═════ Given entries ═════
primrec DV :: "nat \<Rightarrow> real^'n \<Rightarrow> 's \<Rightarrow> real^'n" where
  "DV 0 \<theta> s = 0"
| "DV (Suc k) \<theta> s = DaQ k \<theta> s (\<mu> \<theta> s) v* D\<mu> \<theta> s
     + (LINT s':S|lborel. Ptw k \<theta> s (\<mu> \<theta> s) s' *\<^sub>R DV k \<theta> s')"

definition D\<theta>Z :: "nat \<Rightarrow> real^'n \<Rightarrow> 's \<Rightarrow> real^'m \<Rightarrow> real^'n" where
  "D\<theta>Z k \<theta> s a = (LINT s':S|lborel. (\<beta> * p s a s' * exp (\<beta> * V k \<theta> s')) *\<^sub>R DV k \<theta> s')"

lemma continuous_on_DaZ: "continuous_on (UNIV \<times> S \<times> UNIV) (\<lambda>(\<theta>, s, a). DaZ k \<theta> s a)"
  unfolding DaZ_def split_beta
  by (rule continuous_on_set_integral_param[OF S_compact])
     (auto simp: split_beta intro!: continuous_intros)

lemma continuous_on_DaQ_compose [continuous_intros]:
  assumes "continuous_on X f" "continuous_on X g" "continuous_on X h" "g ` X \<subseteq> S"
  shows "continuous_on X (\<lambda>x. DaQ k (f x) (g x) (h x))"
proof -
  have "continuous_on X (\<lambda>x. DaZ k (f x) (g x) (h x))"
    by (rule continuous_on_compose_pair[OF continuous_on_DaZ, of X f "\<lambda>x. (g x, h x)",
          unfolded case_prod_conv])
       (use assms in \<open>auto intro!: continuous_on_Pair\<close>)
  moreover have "\<forall>x\<in>X. \<beta> * Z k (f x) (g x) (h x) \<noteq> 0"
    using assms(4) beta Z_pos by (fastforce simp: less_le)
  ultimately show ?thesis
    unfolding DaQ_def using assms by (intro continuous_intros) auto
qed

lemma continuous_on_Ptw_compose [continuous_intros]:
  assumes "continuous_on X f" "continuous_on X g" "continuous_on X h" "continuous_on X g'"
    "g ` X \<subseteq> S" "g' ` X \<subseteq> S"
  shows "continuous_on X (\<lambda>x. Ptw k (f x) (g x) (h x) (g' x))"
proof -
  have "\<forall>x\<in>X. Z k (f x) (g x) (h x) \<noteq> 0"
    using assms(5) Z_pos by (fastforce simp: less_le)
  then show ?thesis
    unfolding Ptw_def using assms by (intro continuous_intros) auto
qed

lemma D\<theta>Z_eq:
  assumes "s \<in> S"
  shows "D\<theta>Z k \<theta> s a = (\<beta> * Z k \<theta> s a) *\<^sub>R (LINT s':S|lborel. Ptw k \<theta> s a s' *\<^sub>R DV k \<theta> s')"
  using Z_pos[OF assms, of k \<theta> a]
  by (simp add: D\<theta>Z_def Ptw_def mult.assoc flip: set_integral_scaleR_right)

lemma has_derivative_Z:
  assumes V_deriv: "\<And>\<theta> s'. s' \<in> S \<Longrightarrow> ((\<lambda>\<theta>. V k \<theta> s') has_derivative (\<lambda>h. DV k \<theta> s' \<bullet> h)) (at \<theta>)"
    and DV_cont: "continuous_on (UNIV \<times> S) (\<lambda>(\<theta>, s). DV k \<theta> s)"
    and s: "s \<in> S"
  shows "((\<lambda>(\<theta>, a). Z k \<theta> s a) has_derivative
           (\<lambda>(h\<theta>, ha). D\<theta>Z k \<theta> s a \<bullet> h\<theta> + DaZ k \<theta> s a \<bullet> ha)) (at (\<theta>, a))"
proof -
  define grad where "grad x s' = ((\<beta> * p s (snd x) s' * exp (\<beta> * V k (fst x) s')) *\<^sub>R DV k (fst x) s',
                             exp (\<beta> * V k (fst x) s') *\<^sub>R gp s (snd x) s')" for x s'
  have DV: "continuous_on X (\<lambda>x. DV k (f x) (g x))"
    if "continuous_on X f" "continuous_on X g" "g ` X \<subseteq> S" for X f g
    using continuous_on_compose_pair[OF DV_cont that(1,2)] that(3) by auto
  have integrand_deriv: "((\<lambda>x. p s (snd x) s' * exp (\<beta> * V k (fst x) s')) has_derivative (\<lambda>h. grad x s' \<bullet> h)) (at x)"
    if s': "s' \<in> S" for x s'
  proof -
    have "((\<lambda>x. p s (snd x) s') has_derivative (\<lambda>h. gp s (snd x) s' \<bullet> snd h)) (at x)"
      using has_derivative_compose[OF has_derivative_snd[OF has_derivative_ident]] gp_deriv s s' by fastforce
    moreover have "((\<lambda>x. V k (fst x) s') has_derivative (\<lambda>h. DV k (fst x) s' \<bullet> fst h)) (at x)"
      using has_derivative_compose[OF has_derivative_fst[OF has_derivative_ident] V_deriv[OF s', of "fst x"]] by simp
    ultimately show ?thesis
      by (auto intro!: derivative_eq_intros simp: grad_def inner_prod_def algebra_simps)
  qed
  have "((\<lambda>x. Z k (fst x) s (snd x)) has_derivative (\<lambda>h. (LINT s':S|lborel. grad (\<theta>, a) s') \<bullet> h)) (at (\<theta>, a))"
    unfolding Z_def using s
    by (intro has_derivative_set_integral_param S_compact integrand_deriv)
       (auto simp: grad_def split_beta intro!: continuous_intros DV)
  moreover have "(LINT s':S|lborel. grad (\<theta>, a) s') = (D\<theta>Z k \<theta> s a, DaZ k \<theta> s a)"
    unfolding grad_def D\<theta>Z_def DaZ_def fst_conv snd_conv using s
    by (intro set_integral_Pair_continuous S_compact) (auto intro!: continuous_intros DV)
  ultimately show ?thesis
    by (simp add: split_beta' inner_prod_def)
qed
lemma sym_move_sound:
  assumes "(X, a, u) \<in> sym_moves P" and "frames_yield P u w"
  shows "frame_yields P X (a # w)"
  using assms(1)
proof cases
  case (sym_move_unit C)
  then have "left_corner P C (Inr a) []"
    using left_corner_unit_reach left_corner_refl by blast
  with sym_move_unit assms(2) show ?thesis
    using left_corner_yields[of P C "Inr a" "[]" "[a]"] by simp
next
  case (sym_move_prod t B be C fs)
  with assms(2) obtain v1 v2 where "w = v1 @ v2" "yields_seq P be v1" "frames_yield P fs v2"
    by (auto simp: concat_rel_append)
  with sym_move_prod have "left_corner P C (Inr a) w"
    by (blast intro: left_corner_unit_reach left_corner_step tail_frames_sound)
  with sym_move_prod show ?thesis
    using left_corner_yields[of P C "Inr a" w "[a]"] by simp
qed (use assms(2) in simp)

lemma lc_move_sound:
  assumes "(X, a, u) \<in> lc_moves P" and "frames_yield P u w"
  shows "frame_yields P X (a # w)"
  using assms(1)
proof cases
  case lc_move_sym
  with assms(2) show ?thesis by (simp add: sym_move_sound)
next
  case (lc_move_item B t B' s rest u' C fs)
  with assms(2) obtain x1 x2 x3 where x: "w = x1 @ x2 @ x3" "frames_yield P u' x1" "yields_seq P rest x2"
    "frames_yield P fs x3"
    by (auto simp: concat_rel_append)
  with lc_move_item have "yields P s (a # x1)"
    using sym_move_sound by fastforce
  with x(3) have "yields_seq P (s # rest) ((a # x1) @ x2)"
    unfolding concat_rel_Cons by blast
  with lc_move_item x have "left_corner P C t (a # w)"
    using left_corner_step[of B' t "s # rest" P _ C x3] tail_frames_sound by fastforce
  with lc_move_item show ?thesis
    by (auto intro: left_corner_unit_reach)
qed

lemma sym_move_complete:
  assumes ne: "nonempty_rhs P" and y: "yields P s w"
  shows "\<exists>a w' u. w = a # w' \<and> (Sym s, a, u) \<in> sym_moves P \<and> frames_yield P u w'"
proof (cases s)
  case (Inr a)
  with y show ?thesis by (auto intro: sym_move_terminal)
next
  case (Inl C)
  from yields_nonempty[OF ne y] obtain a v where w: "w = a # v"
    by (cases w) auto
  with y Inl ne have "left_corner P C (Inr a) v"
    by (simp add: yields_Inl_Cons_iff)
  then show ?thesis
  proof (cases rule: left_corner_cases)
    case unit
    with w Inl show ?thesis by (auto intro: sym_move_unit)
  next
    case (prod t B be v1 v2)
    from tail_frames_complete[OF ne prod(5)] obtain fs where "tail_frames P C B fs" "frames_yield P fs v2"
      by blast
    with prod w Inl show ?thesis
      by (intro exI[of _ a] exI[of _ v] exI[of _ "map Sym be @ fs"])
        (auto intro: sym_move_prod simp: concat_rel_append)
  qed
qed

lemma lc_move_complete:
  assumes ne: "nonempty_rhs P" and y: "frame_yields P X w"
  shows "\<exists>a w' u. w = a # w' \<and> (X, a, u) \<in> lc_moves P \<and> frames_yield P u w'"
proof (cases X)
  case (Sym s)
  with sym_move_complete[OF ne] y show ?thesis
    by (fastforce intro: lc_move_sym)
next
  case (Item C B)
  with y have lc: "left_corner P C (Inl B) w" and "w \<noteq> []"
    by auto
  from lc show ?thesis
  proof (cases rule: left_corner_cases)
    case unit
    with \<open>w \<noteq> []\<close> show ?thesis by simp
  next
    case (prod t B' be v1 v2)
    then obtain s rest x1 x2 where be: "be = s # rest" and "v1 = x1 @ x2" "yields P s x1" "yields_seq P rest x2"
      by (cases be) (auto simp: concat_rel_Cons)
    moreover from sym_move_complete[OF ne \<open>yields P s x1\<close>] obtain a x1' u where
      "x1 = a # x1'" "(Sym s, a, u) \<in> sym_moves P" "frames_yield P u x1'"
      by blast
    moreover from tail_frames_complete[OF ne prod(5)] obtain fs where
      "tail_frames P C B' fs" "frames_yield P fs v2"
      by blast
    ultimately show ?thesis
      using prod Item
      by (intro exI[of _ a] exI[of _ "x1' @ x2 @ v2"] exI[of _ "u @ map Sym rest @ fs"])
        (auto intro: lc_move_item simp: concat_rel_append)
  qed
qed

inductive rt_gen :: "('f \<times> 'a \<times> 'f list) set \<Rightarrow> 'f list \<Rightarrow> 'a list \<Rightarrow> bool" for M where
  rt_gen_Nil: "rt_gen M [] []"
| rt_gen_Cons: "(X, a, u) \<in> M \<Longrightarrow> rt_gen M (u @ fs) w \<Longrightarrow> rt_gen M (X # fs) (a # w)"

lemma rt_gen_empty_word_iff [simp]: "rt_gen M fs [] \<longleftrightarrow> fs = []"
  by (auto elim: rt_gen.cases intro: rt_gen_Nil)

lemma rt_gen_empty_stack_iff [simp]: "rt_gen M [] w \<longleftrightarrow> w = []"
  by (auto elim: rt_gen.cases intro: rt_gen_Nil)

lemma rt_gen_lc_moves_sound: "rt_gen (lc_moves P) fs w \<Longrightarrow> frames_yield P fs w"
proof (induction rule: rt_gen.induct)
  case (rt_gen_Cons X a u fs w)
  then obtain w1 w2 where "w = w1 @ w2" "frames_yield P u w1" "frames_yield P fs w2"
    by (auto simp: concat_rel_append)
  with lc_move_sound[OF rt_gen_Cons.hyps(1)] show ?case
    unfolding concat_rel_Cons by (metis append_Cons)
qed simp

lemma rt_gen_lc_moves_complete:
  assumes ne: "nonempty_rhs P"
  shows "frames_yield P fs w \<Longrightarrow> rt_gen (lc_moves P) fs w"
proof (induction "length w" arbitrary: fs w rule: less_induct)
  case less
  show ?case
  proof (cases fs)
    case Nil
    with less.prems show ?thesis by (simp add: rt_gen_Nil)
  next
    case (Cons X fs')
    with less.prems obtain w1 w2 where "w = w1 @ w2" "frame_yields P X w1" "frames_yield P fs' w2"
      by (auto simp: concat_rel_Cons)
    moreover from lc_move_complete[OF ne this(2)] obtain a w1' u where
      "w1 = a # w1'" "(X, a, u) \<in> lc_moves P" "frames_yield P u w1'"
      by blast
    ultimately show ?thesis
      using less.hyps[of "w1' @ w2" "u @ fs'"] Cons
      by (auto intro: rt_gen_Cons simp: concat_rel_append)
  qed
qed
(* For every $n_0>3$ there exist asymptotically polytropic equations of state having $n_0$ as their low-pressure asymptotic index such that some of the corresponding regular perfect fluid solutions have infinite radius (i.e. $p(r)>0$ for all $r>0$).
   Context: Equation of state: a barotropic relation $\rho=\rho(p)$ with $\rho>0$ for $p>0$ and $\eta(p)=\int_0^p dp'/\rho(p')$ finite for $p>0$. Index function: $n(\eta)=\frac{\eta}{\rho}\frac{d\rho}{d\eta}$. Asymptotically polytropic with indices $n_0,n_1$: $n$ bounded and non-negative, $n(\eta)\to n_0$ (with error $O(\eta^{a_0})$, $a_0>0$) as $\eta\to0$ and $n(\eta)\to n_1$ (error $O(\eta^{-a_1})$) as $\eta\to\infty$; the examples in the paper are composite equations of state, with $n(\eta)=n_0$ for $\eta\le\eta_j$ and $n(\eta)=n_1$ (a constant slightly greater than 5) for $\eta>\eta_j$. Regular perfect fluid solution: solution of $dm/dr=4\pi r^2\rho(p)$, $dp/dr=-m\rho(p)/r^2$ with $m\to0$ and $p\to p_c\in(0,\infty)$ as $r\to0$. *)

theory Defs
  imports "HOL-Analysis.Analysis" "HOL-Library.Landau_Symbols"
begin

definition eta_of :: "(real \<Rightarrow> real) \<Rightarrow> real \<Rightarrow> real" where
  "eta_of rho p = integral {0..p} (\<lambda>q. 1 / rho q)"

definition is_eos :: "(real \<Rightarrow> real) \<Rightarrow> bool" where
  "is_eos rho \<longleftrightarrow> (\<forall>p>0. rho p > 0) \<and> (\<forall>p>0. (\<lambda>q. 1 / rho q) integrable_on {0..p})"

text \<open>rho as a function of eta (eta is strictly increasing in p).\<close>
definition rho_of_eta :: "(real \<Rightarrow> real) \<Rightarrow> real \<Rightarrow> real" where
  "rho_of_eta rho e = rho (THE p. p > 0 \<and> eta_of rho p = e)"

text \<open>n is the index function n(eta) = eta / rho * d rho / d eta; the derivative is
  required to exist except at finitely many eta (composite equations of state).\<close>
definition index_function :: "(real \<Rightarrow> real) \<Rightarrow> (real \<Rightarrow> real) \<Rightarrow> bool" where
  "index_function rho n \<longleftrightarrow>
     continuous_on {0<..} (rho_of_eta rho) \<and>
     (\<exists>S. finite S \<and> (\<forall>e>0. e \<notin> S \<longrightarrow>
        (rho_of_eta rho has_real_derivative (rho_of_eta rho e * n e / e)) (at e)))"

definition asympt_polytropic :: "(real \<Rightarrow> real) \<Rightarrow> real \<Rightarrow> real \<Rightarrow> bool" where
  "asympt_polytropic rho n0 n1 \<longleftrightarrow>
     is_eos rho \<and> filterlim (eta_of rho) at_top at_top \<and>
     (\<exists>n a0 a1. index_function rho n \<and>
        bounded (n ` {0<..}) \<and> (\<forall>e>0. n e \<ge> 0) \<and> a0 > 0 \<and> a1 > 0 \<and>
        (\<lambda>e. n e - n0) \<in> O[at_right 0](\<lambda>e. e powr a0) \<and>
        (\<lambda>e. n e - n1) \<in> O[at_top](\<lambda>e. e powr (- a1)))"

definition regular_solution ::
  "(real \<Rightarrow> real) \<Rightarrow> (real \<Rightarrow> real) \<Rightarrow> (real \<Rightarrow> real) \<Rightarrow> ereal \<Rightarrow> bool" where
  "regular_solution rho m p R \<longleftrightarrow> 0 < R \<and>
     (\<forall>r>0. ereal r < R \<longrightarrow> p r > 0 \<and>
        (m has_real_derivative (4 * pi * r\<^sup>2 * rho (p r))) (at r) \<and>
        (p has_real_derivative (- m r * rho (p r) / r\<^sup>2)) (at r)) \<and>
     (m \<longlongrightarrow> 0) (at_right 0) \<and>
     (\<exists>pc. 0 < pc \<and> (p \<longlongrightarrow> pc) (at_right 0))"

end

theory Submission
  imports Defs
begin

text \<open>Describe the equation of state through the variable \<open>\<eta> = \<integral>dp/\<rho>\<close>: if \<open>P(\<eta>)\<close> is the
  pressure and \<open>\<rho>(\<eta>) = P'(\<eta>) > 0\<close>, then \<open>\<eta>\<close> is the inverse of \<open>P\<close> and the structure
  equations become \<open>d\<eta>/dr = -m/r\<^sup>2\<close>, \<open>dm/dr = 4\<pi> r\<^sup>2 \<rho>(\<eta>)\<close>. For \<open>0 < a < 1/2\<close> the profile
  \<open>\<eta> = (1 + r\<^sup>2)^(-a)\<close>, \<open>m = 2a r\<^sup>3 (1 + r\<^sup>2)^(-a-1)\<close>, a deformation of Plummer's sphere
  (the case \<open>a = 1/2\<close>), solves these equations exactly for
  \<open>\<rho>(\<eta>) = \<eta>^n (c\<^sub>1 + c\<^sub>2 \<eta>^k)\<close> with \<open>n = 1 + 1/a\<close>, \<open>k = 1/a\<close>, \<open>c\<^sub>1 = a(1 - 2a)/(2\<pi>)\<close> and
  \<open>c\<^sub>2 = a(1 + a)/\<pi>\<close>. The index function \<open>n + k c\<^sub>2 \<eta>^k / (c\<^sub>1 + c\<^sub>2 \<eta>^k)\<close> of this density
  moves from \<open>n\<close> to \<open>n + k\<close>, so the equation of state is asymptotically polytropic with
  \<open>n\<^sub>0 = 1 + 1/a\<close>, which ranges over all of \<open>(3, \<infinity>)\<close>; and \<open>\<eta>\<close>, hence \<open>p\<close>, is positive for every
  \<open>r\<close>.\<close>

locale eos_of_eta =
  fixes pressure dens :: "real \<Rightarrow> real"
  assumes continuous_pressure: "continuous_on {0..} pressure"
    and pressure_0: "pressure 0 = 0"
    and pressure_deriv: "\<And>e. e > 0 \<Longrightarrow> (pressure has_real_derivative dens e) (at e)"
    and dens_pos: "\<And>e. e > 0 \<Longrightarrow> dens e > 0"
    and pressure_at_top: "filterlim pressure at_top at_top"
begin

definition eta :: "real \<Rightarrow> real" where
  "eta = the_inv_into {0..} pressure"

definition rho :: "real \<Rightarrow> real" where
  "rho p = dens (eta p)"

lemma pressure_strict_mono: "strict_mono_on {0..} pressure"
proof (rule strict_mono_onI)
  fix x y :: real
  assume x: "x \<in> {0..}" and xy: "x < y"
  show "pressure x < pressure y"
  proof (rule DERIV_pos_imp_increasing_open[OF xy])
    show "continuous_on {x..y} pressure"
      using x by (intro continuous_on_subset[OF continuous_pressure]) auto
    fix z assume "x < z"
    with x have "z > 0" by simp
    then show "\<exists>d. (pressure has_real_derivative d) (at z) \<and> d > 0"
      using pressure_deriv dens_pos by blast
  qed
qed

lemma pressure_le_iff: "0 \<le> x \<Longrightarrow> 0 \<le> y \<Longrightarrow> pressure x \<le> pressure y \<longleftrightarrow> x \<le> y"
  using strict_mono_on_less_eq[OF pressure_strict_mono] by simp

lemma pressure_pos: "0 < e \<Longrightarrow> 0 < pressure e"
  using strict_mono_onD[OF pressure_strict_mono, of 0 e] pressure_0 by simp

lemma pressure_image_interval:
  assumes "0 \<le> b"
  shows "pressure ` {0..b} = {0..pressure b}"
proof
  show "pressure ` {0..b} \<subseteq> {0..pressure b}"
  proof
    fix p assume "p \<in> pressure ` {0..b}"
    then obtain x where "x \<in> {0..b}" "p = pressure x" by blast
    then show "p \<in> {0..pressure b}"
      using pressure_le_iff[of 0 x] pressure_le_iff[of x b] pressure_0 by auto
  qed
  show "{0..pressure b} \<subseteq> pressure ` {0..b}"
  proof
    fix p assume "p \<in> {0..pressure b}"
    then obtain x where "0 \<le> x" "x \<le> b" "pressure x = p"
      using IVT'[of pressure 0 p b] assms pressure_0
        continuous_on_subset[OF continuous_pressure, of "{0..b}"] by auto
    then show "p \<in> pressure ` {0..b}" by auto
  qed
qed

lemma pressure_image: "pressure ` {0..} = {0..}"
proof
  show "pressure ` {0..} \<subseteq> {0..}"
    using pressure_le_iff[of 0] pressure_0 by auto
  show "{0..} \<subseteq> pressure ` {0..}"
  proof
    fix p :: real
    assume "p \<in> {0..}"
    obtain N where "\<And>x. x \<ge> N \<Longrightarrow> pressure x \<ge> p"
      using pressure_at_top by (auto simp: filterlim_at_top eventually_at_top_linorder)
    then have "p \<in> pressure ` {0..max 0 N}"
      using \<open>p \<in> {0..}\<close> pressure_image_interval[of "max 0 N"] by auto
    then show "p \<in> pressure ` {0..}" by auto
  qed
qed

lemma inj_on_pressure: "inj_on pressure {0..}"
  using pressure_strict_mono by (rule strict_mono_on_imp_inj_on)

lemma eta_pressure: "0 \<le> e \<Longrightarrow> eta (pressure e) = e"
  unfolding eta_def by (rule the_inv_into_f_f[OF inj_on_pressure]) simp

lemma pressure_eta: "0 \<le> p \<Longrightarrow> pressure (eta p) = p"
  unfolding eta_def by (rule f_the_inv_into_f[OF inj_on_pressure]) (simp add: pressure_image)

lemma eta_nonneg: "0 \<le> p \<Longrightarrow> 0 \<le> eta p"
  unfolding eta_def using the_inv_into_into[OF inj_on_pressure, of p "{0..}"]
  by (simp add: pressure_image)

lemma eta_pos: "0 < p \<Longrightarrow> 0 < eta p"
  using eta_nonneg[of p] pressure_eta[of p] pressure_0 by (cases "eta p = 0") auto

lemma continuous_on_eta:
  assumes "0 \<le> p"
  shows "continuous_on {0..p} eta"
proof -
  have "continuous_on (pressure ` {0..eta p}) eta"
    by (rule continuous_on_inv) (auto intro: continuous_on_subset[OF continuous_pressure] eta_pressure)
  then show ?thesis
    using pressure_image_interval[OF eta_nonneg[OF assms]] pressure_eta[OF assms] by simp
qed

lemma eta_deriv:
  assumes "0 < p"
  shows "(eta has_real_derivative inverse (rho p)) (at p)"
proof -
  have "(eta has_derivative (*) (inverse (dens (eta p)))) (at (pressure (eta p)))"
  proof (rule has_derivative_inverse_strong
      [where S = "{0<..}" and f = pressure and x = "eta p" and f' = "(*) (dens (eta p))"])
    show "(pressure has_derivative (*) (dens (eta p))) (at (eta p))"
      using pressure_deriv[OF eta_pos[OF assms]] by (simp add: has_field_derivative_def)
    show "(*) (dens (eta p)) \<circ> (*) (inverse (dens (eta p))) = id"
      using dens_pos[OF eta_pos[OF assms]] by (auto simp: fun_eq_iff)
  qed (use eta_pressure eta_pos assms in \<open>auto intro: continuous_on_subset[OF continuous_pressure]\<close>)
  then show ?thesis
    using pressure_eta assms by (simp add: has_field_derivative_def rho_def)
qed

lemma inverse_rho_has_integral: "0 \<le> p \<Longrightarrow> ((\<lambda>q. 1 / rho q) has_integral eta p) {0..p}"
  using fundamental_theorem_of_calculus_interior[of 0 p eta "\<lambda>q. 1 / rho q"]
    continuous_on_eta eta_deriv eta_pressure[of 0] pressure_0
  by (simp add: has_real_derivative_iff_has_vector_derivative[symmetric] divide_inverse)

lemma eta_of_rho: "0 \<le> p \<Longrightarrow> eta_of rho p = eta p"
  unfolding eta_of_def using inverse_rho_has_integral by (rule integral_unique)

lemma is_eos_rho: "is_eos rho"
  unfolding is_eos_def
proof (intro conjI allI impI)
  fix p :: real
  assume "p > 0"
  then show "rho p > 0"
    using dens_pos eta_pos by (simp add: rho_def)
  show "(\<lambda>q. 1 / rho q) integrable_on {0..p}"
    using inverse_rho_has_integral \<open>p > 0\<close> by (meson has_integral_integrable less_imp_le)
qed

lemma eta_of_rho_at_top: "filterlim (eta_of rho) at_top at_top"
  unfolding filterlim_at_top eventually_at_top_linorder
proof
  fix Z :: real
  show "\<exists>N. \<forall>p\<ge>N. Z \<le> eta_of rho p"
  proof (intro exI allI impI)
    fix p
    assume p: "pressure (max Z 1) \<le> p"
    then have "0 \<le> p"
      using pressure_pos[of "max Z 1"] by linarith
    then have "max Z 1 \<le> eta p"
      using p pressure_le_iff[of "max Z 1" "eta p"] pressure_eta eta_nonneg by simp
    then show "Z \<le> eta_of rho p"
      using eta_of_rho \<open>0 \<le> p\<close> by simp
  qed
qed

lemma rho_of_eta_rho:
  assumes "0 < e"
  shows "rho_of_eta rho e = dens e"
proof -
  have "(THE p. p > 0 \<and> eta_of rho p = e) = pressure e"
  proof (rule the_equality)
    show "pressure e > 0 \<and> eta_of rho (pressure e) = e"
      using assms pressure_pos[OF assms] eta_of_rho eta_pressure by simp
    fix p assume "p > 0 \<and> eta_of rho p = e"
    then show "p = pressure e"
      using eta_of_rho[of p] pressure_eta[of p] by auto
  qed
  then show ?thesis
    unfolding rho_of_eta_def rho_def using assms eta_pressure by simp
qed

lemma index_function_rho:
  assumes dens_deriv: "\<And>e. e > 0 \<Longrightarrow> (dens has_real_derivative dens e * n e / e) (at e)"
  shows "index_function rho n"
  unfolding index_function_def
proof (intro conjI exI[of _ "{}"] allI impI)
  have "continuous_on {0<..} (rho_of_eta rho) = continuous_on {0<..} dens"
    by (rule continuous_on_cong) (simp_all add: rho_of_eta_rho)
  moreover have "continuous_on {0<..} dens"
    using dens_deriv by (intro continuous_at_imp_continuous_on) (auto intro: DERIV_isCont)
  ultimately show "continuous_on {0<..} (rho_of_eta rho)" by simp
  fix e :: real
  assume "e > 0"
  then have "(rho_of_eta rho has_real_derivative dens e * n e / e) (at e)"
    by (intro has_field_derivative_transform_within_open[OF dens_deriv, of e "{0<..}"])
      (simp_all add: rho_of_eta_rho)
  then show "(rho_of_eta rho has_real_derivative rho_of_eta rho e * n e / e) (at e)"
    using \<open>e > 0\<close> by (simp add: rho_of_eta_rho)
qed simp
═════
= Exercise prompt =
Your task is to retype the entries verbatim, starting with the line that holds "qed (use assms(2) in simp)" and stopping after the line that holds "from lc show ?thesis".

= Finished exercise =
qed (use assms(2) in simp)

lemma lc_move_sound:
  assumes "(X, a, u) \<in> lc_moves P" and "frames_yield P u w"
  shows "frame_yields P X (a # w)"
  using assms(1)
proof cases
  case lc_move_sym
  with assms(2) show ?thesis by (simp add: sym_move_sound)
next
  case (lc_move_item B t B' s rest u' C fs)
  with assms(2) obtain x1 x2 x3 where x: "w = x1 @ x2 @ x3" "frames_yield P u' x1" "yields_seq P rest x2"
    "frames_yield P fs x3"
    by (auto simp: concat_rel_append)
  with lc_move_item have "yields P s (a # x1)"
    using sym_move_sound by fastforce
  with x(3) have "yields_seq P (s # rest) ((a # x1) @ x2)"
    unfolding concat_rel_Cons by blast
  with lc_move_item x have "left_corner P C t (a # w)"
    using left_corner_step[of B' t "s # rest" P _ C x3] tail_frames_sound by fastforce
  with lc_move_item show ?thesis
    by (auto intro: left_corner_unit_reach)
qed

lemma sym_move_complete:
  assumes ne: "nonempty_rhs P" and y: "yields P s w"
  shows "\<exists>a w' u. w = a # w' \<and> (Sym s, a, u) \<in> sym_moves P \<and> frames_yield P u w'"
proof (cases s)
  case (Inr a)
  with y show ?thesis by (auto intro: sym_move_terminal)
next
  case (Inl C)
  from yields_nonempty[OF ne y] obtain a v where w: "w = a # v"
    by (cases w) auto
  with y Inl ne have "left_corner P C (Inr a) v"
    by (simp add: yields_Inl_Cons_iff)
  then show ?thesis
  proof (cases rule: left_corner_cases)
    case unit
    with w Inl show ?thesis by (auto intro: sym_move_unit)
  next
    case (prod t B be v1 v2)
    from tail_frames_complete[OF ne prod(5)] obtain fs where "tail_frames P C B fs" "frames_yield P fs v2"
      by blast
    with prod w Inl show ?thesis
      by (intro exI[of _ a] exI[of _ v] exI[of _ "map Sym be @ fs"])
        (auto intro: sym_move_prod simp: concat_rel_append)
  qed
qed

lemma lc_move_complete:
  assumes ne: "nonempty_rhs P" and y: "frame_yields P X w"
  shows "\<exists>a w' u. w = a # w' \<and> (X, a, u) \<in> lc_moves P \<and> frames_yield P u w'"
proof (cases X)
  case (Sym s)
  with sym_move_complete[OF ne] y show ?thesis
    by (fastforce intro: lc_move_sym)
next
  case (Item C B)
  with y have lc: "left_corner P C (Inl B) w" and "w \<noteq> []"
    by auto
  from lc show ?thesis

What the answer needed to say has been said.